TASK DETAILS:
All of the records are to be reproduced exactly.
┄┄┄┄┄┄┄┄┄┄
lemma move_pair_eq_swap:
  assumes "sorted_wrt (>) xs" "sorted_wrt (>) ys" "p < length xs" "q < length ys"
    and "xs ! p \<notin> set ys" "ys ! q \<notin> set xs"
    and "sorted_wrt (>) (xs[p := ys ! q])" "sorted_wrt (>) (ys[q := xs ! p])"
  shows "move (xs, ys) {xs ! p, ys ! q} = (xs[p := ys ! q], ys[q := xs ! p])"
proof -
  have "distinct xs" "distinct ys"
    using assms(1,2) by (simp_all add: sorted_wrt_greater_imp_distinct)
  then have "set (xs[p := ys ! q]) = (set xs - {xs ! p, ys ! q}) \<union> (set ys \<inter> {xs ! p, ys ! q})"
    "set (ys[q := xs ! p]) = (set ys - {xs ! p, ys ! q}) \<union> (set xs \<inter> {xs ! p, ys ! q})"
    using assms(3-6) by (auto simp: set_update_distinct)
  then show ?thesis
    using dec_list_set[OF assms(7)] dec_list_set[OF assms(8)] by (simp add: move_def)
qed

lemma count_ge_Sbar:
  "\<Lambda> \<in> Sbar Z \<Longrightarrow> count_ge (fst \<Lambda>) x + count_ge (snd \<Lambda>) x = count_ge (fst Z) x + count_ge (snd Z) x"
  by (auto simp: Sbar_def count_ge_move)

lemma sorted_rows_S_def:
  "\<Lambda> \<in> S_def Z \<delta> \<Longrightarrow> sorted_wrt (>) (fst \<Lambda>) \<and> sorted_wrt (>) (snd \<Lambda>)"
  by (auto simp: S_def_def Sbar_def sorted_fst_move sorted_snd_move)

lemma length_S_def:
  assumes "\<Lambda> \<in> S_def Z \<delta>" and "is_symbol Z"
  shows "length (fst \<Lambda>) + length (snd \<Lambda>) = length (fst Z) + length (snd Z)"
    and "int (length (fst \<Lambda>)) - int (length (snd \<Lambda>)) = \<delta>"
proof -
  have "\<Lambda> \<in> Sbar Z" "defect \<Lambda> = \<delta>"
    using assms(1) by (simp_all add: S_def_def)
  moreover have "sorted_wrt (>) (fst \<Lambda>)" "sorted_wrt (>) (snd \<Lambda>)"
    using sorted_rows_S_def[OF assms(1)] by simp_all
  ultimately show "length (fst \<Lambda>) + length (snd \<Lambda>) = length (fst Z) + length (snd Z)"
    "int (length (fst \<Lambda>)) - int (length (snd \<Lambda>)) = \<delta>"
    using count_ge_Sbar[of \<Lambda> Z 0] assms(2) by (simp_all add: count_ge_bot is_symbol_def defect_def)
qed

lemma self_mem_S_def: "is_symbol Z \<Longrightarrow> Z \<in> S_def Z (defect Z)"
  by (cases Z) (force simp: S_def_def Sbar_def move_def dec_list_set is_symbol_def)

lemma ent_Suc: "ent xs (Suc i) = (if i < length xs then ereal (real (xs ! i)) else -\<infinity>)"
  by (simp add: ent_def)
┄┄┄┄┄┄┄┄┄┄
ANSWER TO THIS EXERCISE:
lemma move_pair_eq_swap:
  assumes "sorted_wrt (>) xs" "sorted_wrt (>) ys" "p < length xs" "q < length ys"
    and "xs ! p \<notin> set ys" "ys ! q \<notin> set xs"
    and "sorted_wrt (>) (xs[p := ys ! q])" "sorted_wrt (>) (ys[q := xs ! p])"
  shows "move (xs, ys) {xs ! p, ys ! q} = (xs[p := ys ! q], ys[q := xs ! p])"
proof -
  have "distinct xs" "distinct ys"
    using assms(1,2) by (simp_all add: sorted_wrt_greater_imp_distinct)
  then have "set (xs[p := ys ! q]) = (set xs - {xs ! p, ys ! q}) \<union> (set ys \<inter> {xs ! p, ys ! q})"
    "set (ys[q := xs ! p]) = (set ys - {xs ! p, ys ! q}) \<union> (set xs \<inter> {xs ! p, ys ! q})"
    using assms(3-6) by (auto simp: set_update_distinct)
  then show ?thesis
    using dec_list_set[OF assms(7)] dec_list_set[OF assms(8)] by (simp add: move_def)
qed

lemma count_ge_Sbar:
  "\<Lambda> \<in> Sbar Z \<Longrightarrow> count_ge (fst \<Lambda>) x + count_ge (snd \<Lambda>) x = count_ge (fst Z) x + count_ge (snd Z) x"
  by (auto simp: Sbar_def count_ge_move)

lemma sorted_rows_S_def:
  "\<Lambda> \<in> S_def Z \<delta> \<Longrightarrow> sorted_wrt (>) (fst \<Lambda>) \<and> sorted_wrt (>) (snd \<Lambda>)"
  by (auto simp: S_def_def Sbar_def sorted_fst_move sorted_snd_move)

lemma length_S_def:
  assumes "\<Lambda> \<in> S_def Z \<delta>" and "is_symbol Z"
  shows "length (fst \<Lambda>) + length (snd \<Lambda>) = length (fst Z) + length (snd Z)"
    and "int (length (fst \<Lambda>)) - int (length (snd \<Lambda>)) = \<delta>"
proof -
  have "\<Lambda> \<in> Sbar Z" "defect \<Lambda> = \<delta>"
    using assms(1) by (simp_all add: S_def_def)
  moreover have "sorted_wrt (>) (fst \<Lambda>)" "sorted_wrt (>) (snd \<Lambda>)"
    using sorted_rows_S_def[OF assms(1)] by simp_all
  ultimately show "length (fst \<Lambda>) + length (snd \<Lambda>) = length (fst Z) + length (snd Z)"
    "int (length (fst \<Lambda>)) - int (length (snd \<Lambda>)) = \<delta>"
    using count_ge_Sbar[of \<Lambda> Z 0] assms(2) by (simp_all add: count_ge_bot is_symbol_def defect_def)
qed

lemma self_mem_S_def: "is_symbol Z \<Longrightarrow> Z \<in> S_def Z (defect Z)"
  by (cases Z) (force simp: S_def_def Sbar_def move_def dec_list_set is_symbol_def)

lemma ent_Suc: "ent xs (Suc i) = (if i < length xs then ereal (real (xs ! i)) else -\<infinity>)"
  by (simp add: ent_def)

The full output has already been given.